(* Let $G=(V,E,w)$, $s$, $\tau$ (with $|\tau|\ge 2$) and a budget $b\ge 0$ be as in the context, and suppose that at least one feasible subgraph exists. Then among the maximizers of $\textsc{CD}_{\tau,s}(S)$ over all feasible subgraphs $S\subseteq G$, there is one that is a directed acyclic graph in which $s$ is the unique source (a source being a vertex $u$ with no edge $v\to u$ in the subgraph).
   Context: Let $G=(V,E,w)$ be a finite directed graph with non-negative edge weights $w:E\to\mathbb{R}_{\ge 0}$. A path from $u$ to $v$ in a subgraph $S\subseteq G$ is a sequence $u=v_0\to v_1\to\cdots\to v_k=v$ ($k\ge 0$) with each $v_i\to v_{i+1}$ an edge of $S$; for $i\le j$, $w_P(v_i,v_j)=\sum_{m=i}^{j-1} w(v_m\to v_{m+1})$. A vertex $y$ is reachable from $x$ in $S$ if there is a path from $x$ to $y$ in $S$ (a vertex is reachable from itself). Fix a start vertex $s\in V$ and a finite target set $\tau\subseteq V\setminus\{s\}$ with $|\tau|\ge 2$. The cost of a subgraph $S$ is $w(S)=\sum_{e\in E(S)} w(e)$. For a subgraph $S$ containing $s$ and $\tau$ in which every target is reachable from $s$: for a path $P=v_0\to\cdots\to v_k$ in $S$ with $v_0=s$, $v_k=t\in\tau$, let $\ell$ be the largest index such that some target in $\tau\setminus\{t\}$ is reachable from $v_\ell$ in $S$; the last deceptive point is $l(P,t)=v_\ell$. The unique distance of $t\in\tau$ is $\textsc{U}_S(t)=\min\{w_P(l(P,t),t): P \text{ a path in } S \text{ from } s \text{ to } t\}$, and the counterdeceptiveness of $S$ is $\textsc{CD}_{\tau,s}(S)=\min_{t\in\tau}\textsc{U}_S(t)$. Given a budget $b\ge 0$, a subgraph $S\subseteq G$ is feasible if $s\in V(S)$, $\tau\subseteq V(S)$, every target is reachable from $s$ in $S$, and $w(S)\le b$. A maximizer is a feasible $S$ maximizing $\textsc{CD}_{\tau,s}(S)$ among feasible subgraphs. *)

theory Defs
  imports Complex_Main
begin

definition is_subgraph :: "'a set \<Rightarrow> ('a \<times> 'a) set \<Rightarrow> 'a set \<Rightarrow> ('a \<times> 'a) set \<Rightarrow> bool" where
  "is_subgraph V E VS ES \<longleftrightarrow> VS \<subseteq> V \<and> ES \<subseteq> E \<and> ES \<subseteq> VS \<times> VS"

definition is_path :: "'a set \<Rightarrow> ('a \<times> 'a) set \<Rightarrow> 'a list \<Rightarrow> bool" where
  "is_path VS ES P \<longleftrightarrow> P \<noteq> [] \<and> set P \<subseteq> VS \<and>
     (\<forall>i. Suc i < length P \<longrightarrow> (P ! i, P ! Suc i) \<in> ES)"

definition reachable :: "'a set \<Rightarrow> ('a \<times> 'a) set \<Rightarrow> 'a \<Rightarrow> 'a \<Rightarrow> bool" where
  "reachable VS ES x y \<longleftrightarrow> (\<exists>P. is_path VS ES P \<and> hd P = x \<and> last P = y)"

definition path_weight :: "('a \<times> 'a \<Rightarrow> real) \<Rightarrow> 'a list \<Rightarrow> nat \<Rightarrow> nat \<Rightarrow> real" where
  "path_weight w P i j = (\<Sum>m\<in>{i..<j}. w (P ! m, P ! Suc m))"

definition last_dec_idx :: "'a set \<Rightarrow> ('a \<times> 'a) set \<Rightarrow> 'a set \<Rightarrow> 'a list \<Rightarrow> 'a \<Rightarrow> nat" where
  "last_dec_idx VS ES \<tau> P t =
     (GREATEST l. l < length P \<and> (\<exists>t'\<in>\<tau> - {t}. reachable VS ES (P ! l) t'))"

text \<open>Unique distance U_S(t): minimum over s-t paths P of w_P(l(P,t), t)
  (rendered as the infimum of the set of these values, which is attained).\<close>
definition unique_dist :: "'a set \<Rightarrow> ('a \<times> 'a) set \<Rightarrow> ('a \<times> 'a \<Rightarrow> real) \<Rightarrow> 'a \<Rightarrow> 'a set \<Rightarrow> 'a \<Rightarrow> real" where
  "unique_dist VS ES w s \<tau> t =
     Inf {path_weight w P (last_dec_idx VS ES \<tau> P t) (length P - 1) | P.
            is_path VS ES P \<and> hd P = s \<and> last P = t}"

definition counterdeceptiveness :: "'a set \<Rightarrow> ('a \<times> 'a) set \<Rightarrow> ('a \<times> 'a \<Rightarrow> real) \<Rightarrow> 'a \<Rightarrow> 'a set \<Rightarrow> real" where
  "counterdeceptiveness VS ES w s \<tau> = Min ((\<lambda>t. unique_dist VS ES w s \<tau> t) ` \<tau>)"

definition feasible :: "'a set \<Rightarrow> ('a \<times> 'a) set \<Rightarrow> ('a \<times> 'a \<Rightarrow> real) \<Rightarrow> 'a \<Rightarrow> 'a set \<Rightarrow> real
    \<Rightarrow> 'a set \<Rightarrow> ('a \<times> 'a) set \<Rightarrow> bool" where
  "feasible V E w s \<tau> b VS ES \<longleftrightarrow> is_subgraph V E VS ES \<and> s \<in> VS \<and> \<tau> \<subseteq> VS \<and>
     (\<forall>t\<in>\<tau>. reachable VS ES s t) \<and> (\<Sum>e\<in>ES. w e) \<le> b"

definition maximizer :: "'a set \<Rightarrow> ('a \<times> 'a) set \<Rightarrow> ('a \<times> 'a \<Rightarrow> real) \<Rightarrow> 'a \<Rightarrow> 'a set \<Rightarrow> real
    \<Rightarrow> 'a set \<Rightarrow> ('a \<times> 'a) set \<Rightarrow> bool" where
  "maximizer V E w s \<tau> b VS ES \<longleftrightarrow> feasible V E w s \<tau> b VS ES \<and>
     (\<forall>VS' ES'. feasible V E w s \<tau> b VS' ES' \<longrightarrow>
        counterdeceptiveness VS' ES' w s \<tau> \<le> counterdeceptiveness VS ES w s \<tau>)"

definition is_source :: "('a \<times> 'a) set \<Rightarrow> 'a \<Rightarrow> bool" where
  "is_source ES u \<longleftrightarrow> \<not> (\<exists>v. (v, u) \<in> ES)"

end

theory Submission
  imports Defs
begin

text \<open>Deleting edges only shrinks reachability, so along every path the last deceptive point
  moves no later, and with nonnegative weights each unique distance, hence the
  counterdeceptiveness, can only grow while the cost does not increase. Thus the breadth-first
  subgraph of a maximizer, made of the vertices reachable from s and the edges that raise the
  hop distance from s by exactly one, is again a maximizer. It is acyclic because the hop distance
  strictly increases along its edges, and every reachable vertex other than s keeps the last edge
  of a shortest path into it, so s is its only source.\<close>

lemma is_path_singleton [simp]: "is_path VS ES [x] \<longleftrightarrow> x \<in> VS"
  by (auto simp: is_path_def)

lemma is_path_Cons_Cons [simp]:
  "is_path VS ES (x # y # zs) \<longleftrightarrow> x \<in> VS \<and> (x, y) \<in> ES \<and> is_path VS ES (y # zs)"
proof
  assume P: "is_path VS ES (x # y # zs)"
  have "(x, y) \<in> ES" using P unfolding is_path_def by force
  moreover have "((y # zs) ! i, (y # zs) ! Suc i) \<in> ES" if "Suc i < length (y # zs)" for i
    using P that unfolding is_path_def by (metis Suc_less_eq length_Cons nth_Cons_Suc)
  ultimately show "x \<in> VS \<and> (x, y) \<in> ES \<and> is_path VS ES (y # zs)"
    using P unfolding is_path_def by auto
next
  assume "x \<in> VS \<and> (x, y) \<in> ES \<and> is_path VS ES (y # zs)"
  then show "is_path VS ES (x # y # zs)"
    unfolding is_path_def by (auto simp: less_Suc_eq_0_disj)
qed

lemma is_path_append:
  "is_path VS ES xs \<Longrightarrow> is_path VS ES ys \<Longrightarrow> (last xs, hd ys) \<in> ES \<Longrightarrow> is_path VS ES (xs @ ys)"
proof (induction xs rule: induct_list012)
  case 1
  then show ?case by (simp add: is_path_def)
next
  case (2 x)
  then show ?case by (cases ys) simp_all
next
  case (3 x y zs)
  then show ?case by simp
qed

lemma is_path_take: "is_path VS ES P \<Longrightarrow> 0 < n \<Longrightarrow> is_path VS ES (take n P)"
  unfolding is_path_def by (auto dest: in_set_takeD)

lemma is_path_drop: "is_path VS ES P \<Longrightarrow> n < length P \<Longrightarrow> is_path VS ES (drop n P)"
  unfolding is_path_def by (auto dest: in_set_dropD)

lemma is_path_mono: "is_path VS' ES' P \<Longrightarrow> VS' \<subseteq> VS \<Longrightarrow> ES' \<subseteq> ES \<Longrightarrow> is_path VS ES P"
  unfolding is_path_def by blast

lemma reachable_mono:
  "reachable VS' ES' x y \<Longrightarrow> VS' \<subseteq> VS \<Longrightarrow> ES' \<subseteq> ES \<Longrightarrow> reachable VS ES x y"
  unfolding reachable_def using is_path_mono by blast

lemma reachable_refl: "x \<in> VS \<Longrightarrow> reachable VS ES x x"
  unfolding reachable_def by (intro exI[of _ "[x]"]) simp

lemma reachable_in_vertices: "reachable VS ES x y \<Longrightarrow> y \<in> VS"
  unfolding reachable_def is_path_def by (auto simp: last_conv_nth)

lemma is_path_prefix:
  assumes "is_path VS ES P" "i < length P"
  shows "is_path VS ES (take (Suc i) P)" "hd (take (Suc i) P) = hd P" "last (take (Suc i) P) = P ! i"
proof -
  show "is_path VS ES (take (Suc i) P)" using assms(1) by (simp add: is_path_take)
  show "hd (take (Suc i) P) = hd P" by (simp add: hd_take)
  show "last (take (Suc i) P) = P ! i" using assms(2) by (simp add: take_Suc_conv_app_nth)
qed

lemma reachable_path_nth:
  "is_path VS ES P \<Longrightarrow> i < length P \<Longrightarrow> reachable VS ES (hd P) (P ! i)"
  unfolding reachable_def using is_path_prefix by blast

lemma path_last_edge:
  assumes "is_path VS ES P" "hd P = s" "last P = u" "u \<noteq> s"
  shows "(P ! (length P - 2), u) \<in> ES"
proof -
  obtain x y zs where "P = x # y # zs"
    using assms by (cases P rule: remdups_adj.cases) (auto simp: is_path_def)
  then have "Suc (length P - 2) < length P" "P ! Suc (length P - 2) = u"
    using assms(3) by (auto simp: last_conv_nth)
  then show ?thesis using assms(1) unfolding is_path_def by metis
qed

**Task**
The answer is the run of lines above from the line containing "P \<subseteq> VS \<and>" through the line containing "list \<Rightarrow> nat", copied exactly and alone.

**Solution to this exercise**
  "is_path VS ES P \<longleftrightarrow> P \<noteq> [] \<and> set P \<subseteq> VS \<and>
     (\<forall>i. Suc i < length P \<longrightarrow> (P ! i, P ! Suc i) \<in> ES)"

definition reachable :: "'a set \<Rightarrow> ('a \<times> 'a) set \<Rightarrow> 'a \<Rightarrow> 'a \<Rightarrow> bool" where
  "reachable VS ES x y \<longleftrightarrow> (\<exists>P. is_path VS ES P \<and> hd P = x \<and> last P = y)"

definition path_weight :: "('a \<times> 'a \<Rightarrow> real) \<Rightarrow> 'a list \<Rightarrow> nat \<Rightarrow> nat \<Rightarrow> real" where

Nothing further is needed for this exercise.